China may have recently gained the honor of officially becoming the world's second-largest economy, and with that honor also came some of the spoils -- including the world's most gigantic traffic jam. A 60-mile gridlock extending from Beijing to the reaches of Inner Mongolia. (The latest report say the jam-up has vanished, somehow.)
Perhaps Chinese planners could look south, to Singapore, for ways technology and analytics can help tamp down the likelihood of such incidents. In Singapore controllers receive real-time data through sensors to model and predict future traffic flows “with 90% accuracy.”
The experiences of Singapore and other cities were examined in a recent report from IBM, which explores how transportation officials are now able to collect real-time data on traffic conditions and instantaneously analyze that data and deploy strategies that minimize delays and congestion. Thanks to the proliferation of data-gathering devices on our roads and recent advances in business analytics -large volumes of data can be quickly synthesized and actionable insights extracted that allow for active management of our transportation networks to keep people moving more efficiently.
New approaches to traffic management is also being developed through crowdsourcing.
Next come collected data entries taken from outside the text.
(* Let $M$ and $N$ be $\lambda$-terms such that $M$ is simple. If $M$ does not improve $N$ eventually, i.e. if not $\mathrm{BT}^c(M) \le_{\mathrm{ev}} \mathrm{BT}^c(N)$, then $M \neq_\beta N$.
   Context: Untyped $\lambda$-calculus modulo $\alpha$. Head reduction step: $\lambda x_1\ldots x_n.(\lambda y.P)QQ_1\ldots Q_m \to \lambda x_1\ldots x_n.P[y:=Q]Q_1\ldots Q_m$; hnf: $\lambda x_1\ldots x_n.\,yQ_1\ldots Q_m$. Clocked Böhm tree $\mathrm{BT}^c(M)$ (coinductive): $\bot$ if $M$ has no hnf; otherwise if $M\to_h^k \lambda x_1\ldots x_n.\,yM_1\ldots M_m$ is the head reduction to hnf, $\mathrm{BT}^c(M)$ is $\lambda x_1\ldots x_n.\,y\,\mathrm{BT}^c(M_1)\ldots\mathrm{BT}^c(M_m)$ with root annotated by $k$. Positions: sequences over $\{0,1,2\}$ ($0$ abstraction body, $1$ function, $2$ argument). $T_1 \le_{\mathrm{ev}} T_2$ means $T_1,T_2$ coincide after erasing annotations and there is $\ell$ such that at every position $p$ of $T_1$ with $|p|\ge\ell$, either neither subtree at $p$ has a root annotation or both do, with annotations $k_1\le k_2$. A redex $(\lambda x.P)Q$ is simple if $x$ occurs at most once in $P$ or $Q$ is a $\beta$-normal form. The simple terms form the largest set $X$ such that each $M\in X$ either has no hnf, or its head reduction to hnf $\lambda x_1\ldots x_n.\,yM_1\ldots M_m$ contracts only simple redexes and $M_1,\dots,M_m\in X$. *)

theory Defs
  imports Main
begin

datatype dB = Var nat | App dB dB | Abs dB

primrec dlift :: "dB \<Rightarrow> nat \<Rightarrow> dB" where
  "dlift (Var i) k = (if i < k then Var i else Var (Suc i))"
| "dlift (App s t) k = App (dlift s k) (dlift t k)"
| "dlift (Abs s) k = Abs (dlift s (Suc k))"

primrec dsubst :: "dB \<Rightarrow> dB \<Rightarrow> nat \<Rightarrow> dB" where
  "dsubst (Var i) s k = (if k < i then Var (i - 1) else if i = k then s else Var i)"
| "dsubst (App t u) s k = App (dsubst t s k) (dsubst u s k)"
| "dsubst (Abs t) s k = Abs (dsubst t (dlift s 0) (Suc k))"
(* Let $\Bbbk$ be an algebraically closed field of characteristic $0$, let $P=\Bbbk[x_1,\dots,x_n]$ be a quadratic Poisson algebra with Poisson enveloping algebra $(U(P),\alpha,\beta)$, and let $\phi$ be a graded Poisson automorphism of $P$. Then there exists a unique graded automorphism $\widetilde\phi$ of $U(P)$ such that $\alpha\circ\phi=\widetilde\phi\circ\alpha$ and $\beta\circ\phi=\widetilde\phi\circ\beta$; it is given by $\widetilde\phi(x_i)=\phi(x_i)$ and $\widetilde\phi(y_i)=\sum_{j=1}^n\frac{\partial\phi(x_i)}{\partial x_j}y_j$.
   Context: $P$ has the standard grading and is quadratic: $\{P_1,P_1\}\subseteq P_2$. $U(P)$ is the $\Bbbk$-algebra generated by $x_1,\dots,x_n,y_1,\dots,y_n$ (all of degree $1$) subject to $[x_i,x_j]=0$, $[y_i,y_j]=\sum_k\frac{\partial\{x_i,x_j\}}{\partial x_k}y_k$, $[y_i,x_j]=\{x_i,x_j\}$; the maps $\alpha,\beta:P\to U(P)$ are $\alpha(f)=f$ and $\beta(f)=\sum_{k=1}^n\frac{\partial f}{\partial x_k}y_k$. A graded Poisson automorphism of $P$ is a degree-preserving bijective map that is an algebra and Lie algebra homomorphism. *)

theory Defs
  imports "HOL-Library.Poly_Mapping" "HOL-Algebra.QuotRing"
    "HOL-Computational_Algebra.Polynomial"
begin

text \<open>Variables are indexed by a finite linearly ordered type 'v (so n = CARD('v)).
  A polynomial is a finitely supported map from monomials (exponent vectors) to coefficients.\<close>

type_synonym ('v, 'k) mpoly = "('v \<Rightarrow>\<^sub>0 nat) \<Rightarrow>\<^sub>0 'k"

definition alg_closed_field :: "'k::field itself \<Rightarrow> bool" where
  "alg_closed_field _ \<longleftrightarrow> (\<forall>p :: 'k poly. degree p \<ge> 1 \<longrightarrow> (\<exists>x. poly p x = 0))"

definition mconst :: "'k::zero \<Rightarrow> ('v, 'k) mpoly" where
  "mconst c = Poly_Mapping.single 0 c"

definition mvar :: "'v \<Rightarrow> ('v, 'k::{zero,one}) mpoly" where
  "mvar i = Poly_Mapping.single (Poly_Mapping.single i 1) 1"

definition mon_deg :: "('v::finite \<Rightarrow>\<^sub>0 nat) \<Rightarrow> nat" where
  "mon_deg m = (\<Sum>v\<in>UNIV. Poly_Mapping.lookup m v)"

definition mhomog :: "nat \<Rightarrow> ('v::finite, 'k::zero) mpoly set" where
  "mhomog d = {f. \<forall>m\<in>Poly_Mapping.keys f. mon_deg m = d}"

definition mpderiv :: "'v \<Rightarrow> ('v, 'k::comm_semiring_1) mpoly \<Rightarrow> ('v, 'k) mpoly" where
  "mpderiv i f = Abs_poly_mapping
     (\<lambda>m. of_nat (Poly_Mapping.lookup m i + 1) * Poly_Mapping.lookup f (m + Poly_Mapping.single i 1))"

definition poisson_bracket ::
  "(('v, 'k::field) mpoly \<Rightarrow> ('v, 'k) mpoly \<Rightarrow> ('v, 'k) mpoly) \<Rightarrow> bool" where
  "poisson_bracket br \<longleftrightarrow>
     (\<forall>a b c. br (a + b) c = br a c + br b c) \<and>
     (\<forall>a b c. br (mconst c * a) b = mconst c * br a b) \<and>
     (\<forall>a b. br a b = - br b a) \<and>
     (\<forall>a b c. br a (br b c) + br b (br c a) + br c (br a b) = 0) \<and>
     (\<forall>a b c. br a (b * c) = br a b * c + b * br a c)"

definition quadratic_poisson ::
  "(('v::finite, 'k::field) mpoly \<Rightarrow> ('v, 'k) mpoly \<Rightarrow> ('v, 'k) mpoly) \<Rightarrow> bool" where
  "quadratic_poisson br \<longleftrightarrow> poisson_bracket br \<and>
     (\<forall>a\<in>mhomog 1. \<forall>b\<in>mhomog 1. br a b \<in> mhomog 2)"

definition graded_poisson_aut ::
  "(('v::finite, 'k::field) mpoly \<Rightarrow> ('v, 'k) mpoly \<Rightarrow> ('v, 'k) mpoly)
   \<Rightarrow> (('v, 'k) mpoly \<Rightarrow> ('v, 'k) mpoly) \<Rightarrow> bool" where
  "graded_poisson_aut br \<phi> \<longleftrightarrow> bij \<phi> \<and>
     (\<forall>a b. \<phi> (a + b) = \<phi> a + \<phi> b) \<and>
     (\<forall>a b. \<phi> (a * b) = \<phi> a * \<phi> b) \<and>
     \<phi> 1 = 1 \<and>
     (\<forall>c a. \<phi> (mconst c * a) = mconst c * \<phi> a) \<and>
     (\<forall>a b. \<phi> (br a b) = br (\<phi> a) (\<phi> b)) \<and>
     (\<forall>d. \<phi> ` mhomog d \<subseteq> mhomog d)"

text \<open>Generators: Inl v is x_v, Inr v is y_v. Elements are finitely supported maps from
  words to coefficients; multiplication is concatenation of words.\<close>
type_synonym ('v, 'k) fa = "('v + 'v) list \<Rightarrow>\<^sub>0 'k"

definition fa_mult :: "('v, 'k::semiring_0) fa \<Rightarrow> ('v, 'k) fa \<Rightarrow> ('v, 'k) fa" where
  "fa_mult f g = Abs_poly_mapping
     (\<lambda>w. \<Sum>i\<le>length w. Poly_Mapping.lookup f (take i w) * Poly_Mapping.lookup g (drop i w))"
Witness the current data mining competition being held as part of IEEE International Conference on Data Mining 2010 (ICDM), being held in Sydney, Australia, this December. Sponsored by TomTom, the competition, which closes September 6th for entries, seeks solutions that enable the "prediction of city traffic based on simulated historical measurements or real-time stream of notifications sent by individual drivers from their GPS navigators." Prizes worth $5,000 will be awarded to the winners.
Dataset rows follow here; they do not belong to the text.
lemma verifies_swap_trivial:
  assumes M: "matroid E ind" and w: "weight_assignment E A w" and ver: "verifies E ind A w Q B0"
    and f: "f \<in> B0" and e: "e \<in> E - B0" "trivial A w e"
    and B1: "basis E ind (insert e (B0 - {f}))" and "w f = w e"
    and f_pinned: "f \<in> Q \<or> trivial A w f \<or> w f \<noteq> upper A f"
  shows "verifies E ind A w Q (insert e (B0 - {f}))"
proof -
  have bas0: "basis E ind B0"
    using ver w unfolding verifies_def consistent_def mwb_def by blast
  then have fE: "f \<in> E" and fin: "finite B0"
    using f matroid_indep_subset[OF M] matroid_finite_indep[OF M] unfolding basis_def by blast+
  have f_fixed: "v f = w f" if v: "weight_assignment E A v" "consistent w Q v" for v
  proof -
    have "f \<in> Q \<or> trivial A w f"
    proof (rule ccontr)
      assume "\<not> (f \<in> Q \<or> trivial A w f)"
      then have "f \<in> B0 - Q" and not_upper: "w f \<noteq> upper A f"
        using f f_pinned by auto
      have "x \<le> w f" if "x \<in> A f" for x
        using verifies_values_le_exchange[OF M w ver \<open>f \<in> B0 - Q\<close> _ B1 that] e \<open>w f = w e\<close> by simp
      moreover have "w f \<in> A f"
        using w fE unfolding weight_assignment_def by blast
      ultimately have "upper A f = w f"
        unfolding upper_def by (rule cSup_eq_maximum[rotated])
      then show False
        using not_upper by simp
    qed
    then show ?thesis
      using v fE unfolding consistent_def weight_assignment_def trivial_def by blast
  qed
  have e_fixed: "v e = w e" if "weight_assignment E A v" for v
    using that e unfolding weight_assignment_def trivial_def by blast
  have "sum v (insert e (B0 - {f})) = sum v B0"
    if v: "weight_assignment E A v" "consistent w Q v" for v
  proof -
    have "v f = v e"
      using f_fixed[OF v] e_fixed[OF v(1)] \<open>w f = w e\<close> by simp
    then show ?thesis
      using sum_insert_Diff_swap[OF fin f, of e v] e by simp
  qed
  then show ?thesis
    using ver B1 unfolding verifies_def mwb_def by simp
qed

theorem lemma20:
  fixes E :: "'a set" and indep :: "'a set \<Rightarrow> bool"
    and A :: "'a \<Rightarrow> real set" and w c :: "'a \<Rightarrow> real"
    and D K :: "'a set" and e :: 'a
  assumes wum: "wum E indep A w c"
    and compat: "compatible_minor E indep A w c D K"
    and no_a: "\<not> (\<exists>f\<in>minor_ground E D K. \<not> trivial A w f \<and> w f = lower A f \<and>
                  (\<exists>C. circuit (minor_ground E D K) (minor_indep E indep D K) C \<and> f \<in> C \<and>
                       (\<forall>g\<in>C. w g \<le> w f)))"
    and no_b: "\<not> (\<exists>f\<in>minor_ground E D K. \<not> trivial A w f \<and> w f = upper A f \<and>
                  (\<exists>B'. basis (minor_ground E D K) (minor_indep E indep D K) B' \<and> f \<in> B' \<and>
                    f \<in> minor_ground E D K - mspan (minor_ground E D K) (minor_indep E indep D K) (B' - {f}) \<and>
                    (\<forall>g\<in>minor_ground E D K - mspan (minor_ground E D K) (minor_indep E indep D K) (B' - {f}).
                        w f \<le> w g)))"
    and e_in: "e \<in> minor_ground E D K"
    and e_triv: "trivial A w e"
    and e_basis: "\<exists>B. basis (minor_ground E D K) (minor_indep E indep D K) B \<and> e \<in> B \<and>
                    (\<forall>g\<in>minor_ground E D K - mspan (minor_ground E D K) (minor_indep E indep D K) (B - {e}).
                        w e \<le> w g)"
  shows "compatible_minor E indep A w c D (K \<union> {e})"
proof -
  let ?E' = "minor_ground E D K" and ?I' = "minor_indep E indep D K"
  obtain Q B0 where ver: "verifies E indep A w Q B0" and cost: "sum c Q = opt_cost E indep A w c"
    and KB0: "K \<subseteq> B0" and DB0: "D \<inter> B0 = {}"
    using compat unfolding compatible_minor_def by blast
  have M: "matroid E indep" and w: "weight_assignment E A w"
    using wum unfolding wum_def weight_assignment_def by auto
  have mwb0: "mwb E indep w B0"
    using ver w unfolding verifies_def consistent_def by blast
  then have bas0: "basis E indep B0"
    unfolding mwb_def by blast
  have M': "matroid ?E' ?I'"
    using minor_matroid[OF M] matroid_indep_mono[OF M] bas0 KB0 unfolding basis_def by blast
  show ?thesis
  proof (cases "e \<in> B0")
    case True
    then show ?thesis
      using ver cost KB0 DB0 unfolding compatible_minor_def by blast
  next
    case False
    have mwb0': "mwb ?E' ?I' w (B0 - K)"
      using minor_mwb_Diff[OF M mwb0 KB0 DB0] .
    obtain f where f: "f \<in> B0 - K" and bas1': "basis ?E' ?I' (insert e (B0 - K - {f}))"
      and "w f = w e"
      using e_basis False mwb_exchange_min_outside_mspan[OF M' mwb0'] by (metis DiffD1)
    have "insert e (B0 - K - {f}) \<union> K = insert e (B0 - {f})"
      using f KB0 by blast
    then have bas1: "basis E indep (insert e (B0 - {f}))"
      using basis_Un_of_minor_basis[OF M bas0 KB0 DB0 bas1'] by simp
    have "f \<in> ?E'"
      using f DB0 bas0 matroid_indep_subset[OF M] unfolding basis_def minor_ground_def by blast
    then have "trivial A w f \<or> w f \<noteq> upper A f"
      using no_b minor_basis_Diff[OF M bas0 KB0 DB0] f mwb_le_outside_mspan[OF M' mwb0' f]
        indep_notin_mspan_Diff[OF M', of "B0 - K" f] unfolding basis_def by blast
    then have "verifies E indep A w Q (insert e (B0 - {f}))"
      using verifies_swap_trivial[OF M w ver _ _ e_triv bas1 \<open>w f = w e\<close>] f False e_in
      unfolding minor_ground_def by blast
    moreover have "K \<union> {e} \<subseteq> insert e (B0 - {f})" "D \<inter> insert e (B0 - {f}) = {}"
      using f KB0 DB0 e_in unfolding minor_ground_def by auto
    ultimately show ?thesis
      using cost unfolding compatible_minor_def by blast
  qed
qed

end
(* Let $(\mathcal{M},\mathcal{L})$ be a regular symplectic pair with $\mathcal{M},\mathcal{L}\in\mathbb{C}^{2n\times2n}$. If $\mathcal{M}=\mathcal{L}W$ for some nonsingular $W\in\mathbb{C}^{2n\times2n}$, then both $\mathcal{M}$ and $\mathcal{L}$ are invertible.
   Context: $\mathcal{J}=\begin{bmatrix}0&I_n\\-I_n&0\end{bmatrix}$. The pair $(\mathcal{M},\mathcal{L})$ is symplectic if $\mathcal{M}\mathcal{J}\mathcal{M}^H=\mathcal{L}\mathcal{J}\mathcal{L}^H$ and regular if $\det(\mathcal{M}-\lambda\mathcal{L})\ne0$ for some $\lambda\in\mathbb{C}$. *)

theory Defs
  imports "HOL-Analysis.Analysis"
begin

text \<open>Square matrices of size 2n are indexed by the sum type 'n + 'n
  (first block = Inl indices, second block = Inr indices), with n = CARD('n).\<close>

definition conj_transpose :: "complex^'m^'k \<Rightarrow> complex^'k^'m" where
  "conj_transpose A = (\<chi> i j. cnj (A $ j $ i))"

definition symplJ :: "complex^('n::finite + 'n)^('n + 'n)" where
  "symplJ = (\<chi> i j. (case (i, j) of
      (Inl a, Inr b) \<Rightarrow> (if a = b then 1 else 0)
    | (Inr a, Inl b) \<Rightarrow> (if a = b then -1 else 0)
    | _ \<Rightarrow> 0))"

definition symplectic_pair :: "complex^('n::finite + 'n)^('n + 'n) \<Rightarrow> complex^('n + 'n)^('n + 'n) \<Rightarrow> bool" where
  "symplectic_pair M L \<longleftrightarrow> M ** symplJ ** conj_transpose M = L ** symplJ ** conj_transpose L"

definition regular_pair :: "complex^'m^'m \<Rightarrow> complex^'m^'m \<Rightarrow> bool" where
  "regular_pair M L \<longleftrightarrow> (\<exists>z::complex. det (M - (\<chi> i j. z * L $ i $ j)) \<noteq> 0)"

end

theory Submission
  imports Defs
begin

text \<open>If \<open>M = L W\<close>, the pencil factors as \<open>M - z L = L (W - z I)\<close>, so
  \<open>det (M - z L) = det L \<cdot> det (W - z I)\<close>. Regularity gives a \<open>z\<close> where this
  is nonzero, hence \<open>det L \<noteq> 0\<close>; then \<open>M = L W\<close> is a product of invertible
  matrices.\<close>

lemma matrix_mul_mat:
  fixes A :: "'a::comm_semiring_1^'n^'m"
  shows "A ** mat c = (\<chi> i j. c * A $ i $ j)"
  unfolding matrix_matrix_mult_def mat_def
  by (auto simp: vec_eq_iff if_distrib if_distribR sum.delta'[OF finite] mult.commute
      cong: if_cong)

lemma matrix_diff_ldistrib:
  fixes A :: "'a::ring_1^'n^'m"
  shows "A ** (B - C) = A ** B - A ** C"
  by (simp add: vec_eq_iff matrix_matrix_mult_def sum_subtractf[symmetric] right_diff_distrib)

lemma pencil_left_factor:
  fixes L W :: "'a::comm_ring_1^'n^'n"
  shows "L ** W - (\<chi> i j. z * L $ i $ j) = L ** (W - mat z)"
  by (simp add: matrix_diff_ldistrib matrix_mul_mat)

lemma regular_pair_right_multiple_invertible:
  fixes L W :: "complex^'n^'n"
  assumes "regular_pair (L ** W) L"
  shows "invertible L"
proof -
  obtain z where "det (L ** W - (\<chi> i j. z * L $ i $ j)) \<noteq> 0"
    using assms unfolding regular_pair_def by blast
  then have "det L * det (W - mat z) \<noteq> 0"
    by (simp add: pencil_left_factor det_mul)
  then show ?thesis
    by (simp add: invertible_det_nz)
qed

theorem lemma2p5:
  fixes M L W :: "complex^('n::finite + 'n)^('n + 'n)"
  assumes "regular_pair M L"
    and "symplectic_pair M L"
    and "invertible W"
    and "M = L ** W"
  shows "invertible M \<and> invertible L"
proof -
  have "invertible L"
    using assms(1,4) regular_pair_right_multiple_invertible by blast
  moreover have "invertible M"
    using \<open>invertible L\<close> assms(3,4) invertible_mult by blast
  ultimately show ?thesis by simp
qed

end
Contest organizers are asking researchers to devise algorithms that tackle problems of traffic flow prediction, for the purpose of intelligent driver navigation and improved city planning. This may be the only way to untangle the scourge of urban gridlock, organizers say: "Complexity of processes that stand behind traffic flow is so large, that only data mining algorithms - from the domains of structure mining, graph mining, data streams, large-scale and temporal data mining - may bring efficient solutions for these problems."
Readers, if your were asked for ways to prevent 60-mile traffic jams -- or at least keep them to manageable 30-mile gridlocks -- what would you recommend? Is data mining, as ICDM contest organizers suggest, the only way out, or are there other alternatives?